• **Goal of the exercise**: What you give back should be exactly the opening lines of the data, ending with the line that contains "unfolding play_def" and including it.

• **Supplied records**:
lemma extinct_of_dominated_within:
  assumes SA: "\<And>l. S l \<subseteq> A l"
    and extinct: "\<And>l a. a \<notin> S l \<Longrightarrow> ((\<lambda>t. play t l $ a) \<longlongrightarrow> 0) at_top"
    and p: "p \<in> mixed_strats (A k)" and p': "p' \<in> mixed_strats (A k)"
    and dom: "dominated_within A u S k p p'"
  shows "((\<lambda>t. Min ((\<lambda>a. play t k $ a) ` supp p)) \<longlongrightarrow> 0) at_top"
proof -
  obtain c T where "c > 0" and c: "\<And>t. t \<ge> T \<Longrightarrow> c \<le> exp_payoff A u k ((play t)(k := p' - p))"
    using payoff_advantage_eventually_pos[OF SA extinct dom] unfolding eventually_at_top_linorder
    by metis
  have "filterlim (\<lambda>t. inner (y t k) (p' - p)) at_top at_top"
    by (rule filterlim_at_top_of_deriv_ge[of "max T 1", OF has_real_derivative_score \<open>c > 0\<close> c])
      auto
  then show ?thesis
    unfolding play_def
    by (rule extinct_of_score_divergence[of A k h, OF nonempty penalty p p'])
qed

lemma surviving_extinct:
  "a \<notin> surviving A u r l \<Longrightarrow> ((\<lambda>t. play t l $ a) \<longlongrightarrow> 0) at_top"
proof (induction r arbitrary: l a)
  case 0
  then show ?case
    by (simp add: mixed_strats_eq_0[OF play_in_mixed_strats])
next
  case (Suc r)
  show ?case
  proof (cases "a \<in> surviving A u r l")
    case True
    with Suc.prems obtain p' where p': "p' \<in> mixed_strats (surviving A u r l)"
      and dom: "dominated_within A u (surviving A u r) l (pure_strat a) p'"
      by auto
    have "pure_strat a \<in> mixed_strats (A l)"
      using True surviving_subset by (blast intro: pure_strat_in_mixed_strats)
    moreover have "p' \<in> mixed_strats (A l)"
      using p' mixed_strats_mono[OF surviving_subset] by blast
    ultimately show ?thesis
      using extinct_of_dominated_within[OF surviving_subset Suc.IH _ _ dom]
      by (simp add: supp_pure_strat)
  qed (rule Suc.IH)
qed

lemma extinct_of_iter_dominated:
  assumes "iter_dominated A u k p"
  shows "((\<lambda>t. Min ((\<lambda>a. play t k $ a) ` supp p)) \<longlongrightarrow> 0) at_top"
proof -
  obtain r p' where p: "p \<in> mixed_strats (surviving A u r k)"
    and p': "p' \<in> mixed_strats (surviving A u r k)"
    and dom: "dominated_within A u (surviving A u r) k p p'"
    using assms unfolding iter_dominated_def by blast
  show ?thesis
    using surviving_subset[of A u r] surviving_extinct[of _ r]
      mixed_strats_mono[OF surviving_subset, THEN subsetD, OF p]
      mixed_strats_mono[OF surviving_subset, THEN subsetD, OF p'] dom
    by (rule extinct_of_dominated_within)
qed

end

theorem theorem4p1:
  fixes A :: "'n::finite \<Rightarrow> 'a::finite set"
    and u :: "'n \<Rightarrow> ('n \<Rightarrow> 'a) \<Rightarrow> real"
    and h :: "'n \<Rightarrow> real^'a \<Rightarrow> real"
    and y :: "real \<Rightarrow> 'n \<Rightarrow> real^'a"
    and k :: 'n and p :: "real^'a"
  assumes nonempty: "\<And>l. A l \<noteq> {}"
    and penalty: "\<And>l. penalty_function (A l) (h l)"
    and ode: "\<And>t l. t \<ge> 0 \<Longrightarrow>
       ((\<lambda>s. y s l) has_vector_derivative
          payoff_vec A u l (\<lambda>j. choice_map A h j (y t j))) (at t within {0..})"
    and p_strat: "p \<in> mixed_strats (A k)"
    and dom: "dominated A u k p \<or> iter_dominated A u k p"
  shows "((\<lambda>t. Min ((\<lambda>\<alpha>. choice_map A h k (y t k) $ \<alpha>) ` supp p)) \<longlongrightarrow> 0) at_top"
proof -
  interpret regularized_learning A u h y
    using nonempty penalty ode by unfold_locales
  have "iter_dominated A u k p"
    using dom p_strat by (blast intro: dominated_imp_iter_dominated)
  then show ?thesis
    using extinct_of_iter_dominated by (simp add: play_def)
qed

end
(* Let $\Sigma_k^o:=\mathbb{E}\{\mathbf{x}^o_k(\mathbf{x}^o_k)'\}$. (i) For any signaling rule $\eta\in\Upsilon$, the matrices $H_k=\mathrm{cov}\{\mathbb{E}\{\mathbf{x}^o_k\mid\mathbf{s}^o_{1:k}\}\}$, $k=1,\ldots,\kappa$, satisfy $\Sigma_1^o\succeq H_1\succeq O$ and $\Sigma_k^o\succeq H_k\succeq AH_{k-1}A'$ for $k>1$. (ii) Conversely, for any positive semidefinite matrices $S_1,\ldots,S_\kappa\in\mathbb{S}^m_+$ satisfying $\Sigma_1^o\succeq S_1\succeq O$ and $\Sigma_k^o\succeq S_k\succeq AS_{k-1}A'$ for $k>1$, there exists a memoryless linear-plus-noise signaling rule $\eta\in\Upsilon$ (i.e., one with $\mathbf{s}_k=L_{k,k}'\mathbf{x}_k+\boldsymbol{\vartheta}_k$ for some $L_{k,k}\in\mathbb{R}^{m\times m}$) such that $H_k=S_k$ for all $k=1,\ldots,\kappa$.
   Context: Fix $A\in\mathbb{R}^{m\times m}$, $\Sigma_1,\Sigma_w\in\mathbb{S}^m_+$ (positive semidefinite symmetric matrices). The control-free state is the Gauss–Markov process $\mathbf{x}^o_{k+1}=A\mathbf{x}^o_k+\mathbf{w}_k$, $k=1,\ldots,\kappa$, with $\mathbf{x}^o_1\sim\mathcal{N}(0,\Sigma_1)$ and $\mathbf{w}_k\sim\mathcal{N}(0,\Sigma_w)$ i.i.d., independent of $\mathbf{x}^o_1$. A signaling rule $\eta\in\Upsilon$ is specified by deterministic matrices $L_k\in\mathbb{R}^{mk\times m}$ and covariances $\Theta_k\in\mathbb{S}^m_+$; it produces signals $\mathbf{s}_k=L_k'\mathbf{x}_{1:k}+\boldsymbol{\vartheta}_k\in\mathbb{R}^m$ from the (possibly controlled) states $\mathbf{x}_{1:k}=[\mathbf{x}_k'\cdots\mathbf{x}_1']'$, with $\boldsymbol{\vartheta}_k\sim\mathcal{N}(0,\Theta_k)$ independent of all other random variables. The associated control-free signals are $\mathbf{s}^o_k:=L_k'\mathbf{x}^o_{1:k}+\boldsymbol{\vartheta}_k$. (In the controlled system $\mathbf{x}_{k+1}=A\mathbf{x}_k+B\mathbf{u}_k+\mathbf{w}_k$, $\mathbf{x}_1=\mathbf{x}^o_1$, with $\mathbf{u}_k$ a measurable function of $\mathbf{s}_{1:k}$, one has $\mathbb{E}\{\mathbf{x}^o_k\mid\mathbf{s}_{1:k}\}=\mathbb{E}\{\mathbf{x}^o_k\mid\mathbf{s}^o_{1:k}\}$, so $H_k$ is the covariance of the posterior estimate of the control-free state given the signals.) For symmetric matrices, $X\succeq Y$ means $X-Y$ is positive semidefinite. *)

theory Defs
  imports "Jordan_Normal_Form.Matrix"
begin

definition psd :: "nat \<Rightarrow> real mat \<Rightarrow> bool" where
  "psd m M \<longleftrightarrow> M \<in> carrier_mat m m \<and> transpose_mat M = M \<and>
     (\<forall>v \<in> carrier_vec m. 0 \<le> v \<bullet> (M *\<^sub>v v))"

definition loewner_ge :: "nat \<Rightarrow> real mat \<Rightarrow> real mat \<Rightarrow> bool" where
  "loewner_ge m X Y \<longleftrightarrow> X \<in> carrier_mat m m \<and> Y \<in> carrier_mat m m \<and> psd m (X - Y)"

(* scov A S1 Sw n = E{x^o_{n+1} (x^o_{n+1})'} *)
primrec scov :: "real mat \<Rightarrow> real mat \<Rightarrow> real mat \<Rightarrow> nat \<Rightarrow> real mat" where
  "scov A S1 Sw 0 = S1"
| "scov A S1 Sw (Suc n) = A * scov A S1 Sw n * transpose_mat A + Sw"

definition Sigma_o :: "real mat \<Rightarrow> real mat \<Rightarrow> real mat \<Rightarrow> nat \<Rightarrow> real mat" where
  "Sigma_o A S1 Sw k = scov A S1 Sw (k - 1)"

(* E{x^o_a (x^o_b)'} for times a, b \<ge> 1 *)
definition xcov :: "real mat \<Rightarrow> real mat \<Rightarrow> real mat \<Rightarrow> nat \<Rightarrow> nat \<Rightarrow> real mat" where
  "xcov A S1 Sw a b =
     (if b \<le> a then (A ^\<^sub>m (a - b)) * Sigma_o A S1 Sw b
      else Sigma_o A S1 Sw a * (transpose_mat A ^\<^sub>m (b - a)))"

definition blockmat :: "nat \<Rightarrow> nat \<Rightarrow> nat \<Rightarrow> (nat \<Rightarrow> nat \<Rightarrow> real mat) \<Rightarrow> real mat" where
  "blockmat m p q B = mat (m * p) (m * q) (\<lambda>(r, c). B (r div m) (c div m) $$ (r mod m, c mod m))"

(* E{x^o_{1:i} (x^o_{1:j})'}, with x_{1:i} = [x_i' ... x_1']' *)
definition stackcov :: "nat \<Rightarrow> real mat \<Rightarrow> real mat \<Rightarrow> real mat \<Rightarrow> nat \<Rightarrow> nat \<Rightarrow> real mat" where
  "stackcov m A S1 Sw i j = blockmat m i j (\<lambda>p q. xcov A S1 Sw (i - p) (j - q))"

(* E{x^o_a (x^o_{1:j})'} *)
definition rowcov :: "nat \<Rightarrow> real mat \<Rightarrow> real mat \<Rightarrow> real mat \<Rightarrow> nat \<Rightarrow> nat \<Rightarrow> real mat" where
  "rowcov m A S1 Sw a j = blockmat m 1 j (\<lambda>p q. xcov A S1 Sw a (j - q))"

(* E{s^o_{1:k} (s^o_{1:k})'}, with s_{1:k} = [s_k' ... s_1']',
   s^o_j = L_j' x^o_{1:j} + theta_j *)
definition sig_cov :: "nat \<Rightarrow> real mat \<Rightarrow> real mat \<Rightarrow> real mat \<Rightarrow>
    (nat \<Rightarrow> real mat) \<Rightarrow> (nat \<Rightarrow> real mat) \<Rightarrow> nat \<Rightarrow> real mat" where
  "sig_cov m A S1 Sw L Th k = blockmat m k k (\<lambda>p q.
      let a = k - p; b = k - q in
      transpose_mat (L a) * stackcov m A S1 Sw a b * L b + (if a = b then Th a else 0\<^sub>m m m))"

(* E{x^o_k (s^o_{1:k})'} *)
definition cross_cov :: "nat \<Rightarrow> real mat \<Rightarrow> real mat \<Rightarrow> real mat \<Rightarrow>
    (nat \<Rightarrow> real mat) \<Rightarrow> nat \<Rightarrow> real mat" where
  "cross_cov m A S1 Sw L k = blockmat m 1 k (\<lambda>p q.
      let b = k - q in rowcov m A S1 Sw k b * L b)"

(* Covariance of E{x | s} for zero-mean jointly Gaussian x (dim m), s (dim n):
   E{x|s} = K s where K solves the normal equations K Css = Cxs,
   so cov(E{x|s}) = K Css K'. *)
definition cond_mean_cov :: "nat \<Rightarrow> nat \<Rightarrow> real mat \<Rightarrow> real mat \<Rightarrow> real mat" where
  "cond_mean_cov m n Cxs Css =
     (let K = (SOME K. K \<in> carrier_mat m n \<and> K * Css = Cxs) in K * Css * transpose_mat K)"

(* H_k = cov{E{x^o_k | s^o_{1:k}}} for the signaling rule (L, Th) *)
definition Hcov :: "nat \<Rightarrow> real mat \<Rightarrow> real mat \<Rightarrow> real mat \<Rightarrow>
    (nat \<Rightarrow> real mat) \<Rightarrow> (nat \<Rightarrow> real mat) \<Rightarrow> nat \<Rightarrow> real mat" where
  "Hcov m A S1 Sw L Th k =
     cond_mean_cov m (m * k) (cross_cov m A S1 Sw L k) (sig_cov m A S1 Sw L Th k)"

definition signaling_rule :: "nat \<Rightarrow> nat \<Rightarrow> (nat \<Rightarrow> real mat) \<Rightarrow> (nat \<Rightarrow> real mat) \<Rightarrow> bool" where
  "signaling_rule m \<kappa> L Th \<longleftrightarrow>
     (\<forall>k\<in>{1..\<kappa>}. L k \<in> carrier_mat (m * k) m \<and> psd m (Th k))"

(* memoryless rule: L_k = [L_{k,k}' 0 ... 0]', acting only on x_k *)
definition memoryless_L :: "nat \<Rightarrow> (nat \<Rightarrow> real mat) \<Rightarrow> nat \<Rightarrow> real mat" where
  "memoryless_L m Lkk k = mat (m * k) m (\<lambda>(r, c). if r < m then Lkk k $$ (r, c) else 0)"

end

(*
  Every random variable of the model is a linear combination of the independent Gaussian
  sources x_1, w_1, ..., w_(kappa-1), theta_1, ..., theta_kappa.  Representing it by its
  coefficient vector, covariance becomes a positive semidefinite bilinear form, covariance
  matrices become Gram matrices, and E{x | s} becomes the orthogonal projection of x onto the
  span of the components of s; so H_k is the Gram matrix of the projection xh_k of x_k.

  (i) Projection can only decrease Gram matrices, whence Sigma_k >= H_k >= 0.  Moreover
  A xh_(k-1) lies in the span of s_(1:k), while x_k - A xh_(k-1) = A (x_(k-1) - xh_(k-1)) + w_(k-1)
  is orthogonal to s_(1:k-1) and hence to A xh_(k-1); this gives H_k >= A H_(k-1) A'.

  (ii) With P = Sigma_k - A S_(k-1) A' and D = S_k - A S_(k-1) A' we have 0 <= D <= P, so there
  is L with P L = D and L' P L <= D; take Theta_k = D - L' P L and s_k = L' x_k + theta_k.  The
  Kalman recursion xh_k = A xh_(k-1) + (s_k - L' A xh_(k-1)) is then the projection onto
  s_(1:k), its innovation has covariance L' P L + Theta_k = D, and H_k = A S_(k-1) A' + D = S_k.
*)

theory Submission
  imports Defs "HOL-Library.Function_Algebras"
begin

section \<open>Semi-inner products and Gram matrices\<close>

instantiation "fun" :: (type, real_vector) real_vector
begin
definition scaleR_fun :: "real \<Rightarrow> ('a \<Rightarrow> 'b) \<Rightarrow> 'a \<Rightarrow> 'b" where
  "scaleR_fun r f = (\<lambda>x. r *\<^sub>R f x)"
instance by standard (auto simp: scaleR_fun_def fun_eq_iff algebra_simps)
end

lemma scaleR_fun_apply [simp]: "(r *\<^sub>R f) x = r *\<^sub>R f x"
  by (simp add: scaleR_fun_def)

• **Answer area**:
lemma extinct_of_dominated_within:
  assumes SA: "\<And>l. S l \<subseteq> A l"
    and extinct: "\<And>l a. a \<notin> S l \<Longrightarrow> ((\<lambda>t. play t l $ a) \<longlongrightarrow> 0) at_top"
    and p: "p \<in> mixed_strats (A k)" and p': "p' \<in> mixed_strats (A k)"
    and dom: "dominated_within A u S k p p'"
  shows "((\<lambda>t. Min ((\<lambda>a. play t k $ a) ` supp p)) \<longlongrightarrow> 0) at_top"
proof -
  obtain c T where "c > 0" and c: "\<And>t. t \<ge> T \<Longrightarrow> c \<le> exp_payoff A u k ((play t)(k := p' - p))"
    using payoff_advantage_eventually_pos[OF SA extinct dom] unfolding eventually_at_top_linorder
    by metis
  have "filterlim (\<lambda>t. inner (y t k) (p' - p)) at_top at_top"
    by (rule filterlim_at_top_of_deriv_ge[of "max T 1", OF has_real_derivative_score \<open>c > 0\<close> c])
      auto
  then show ?thesis
    unfolding play_def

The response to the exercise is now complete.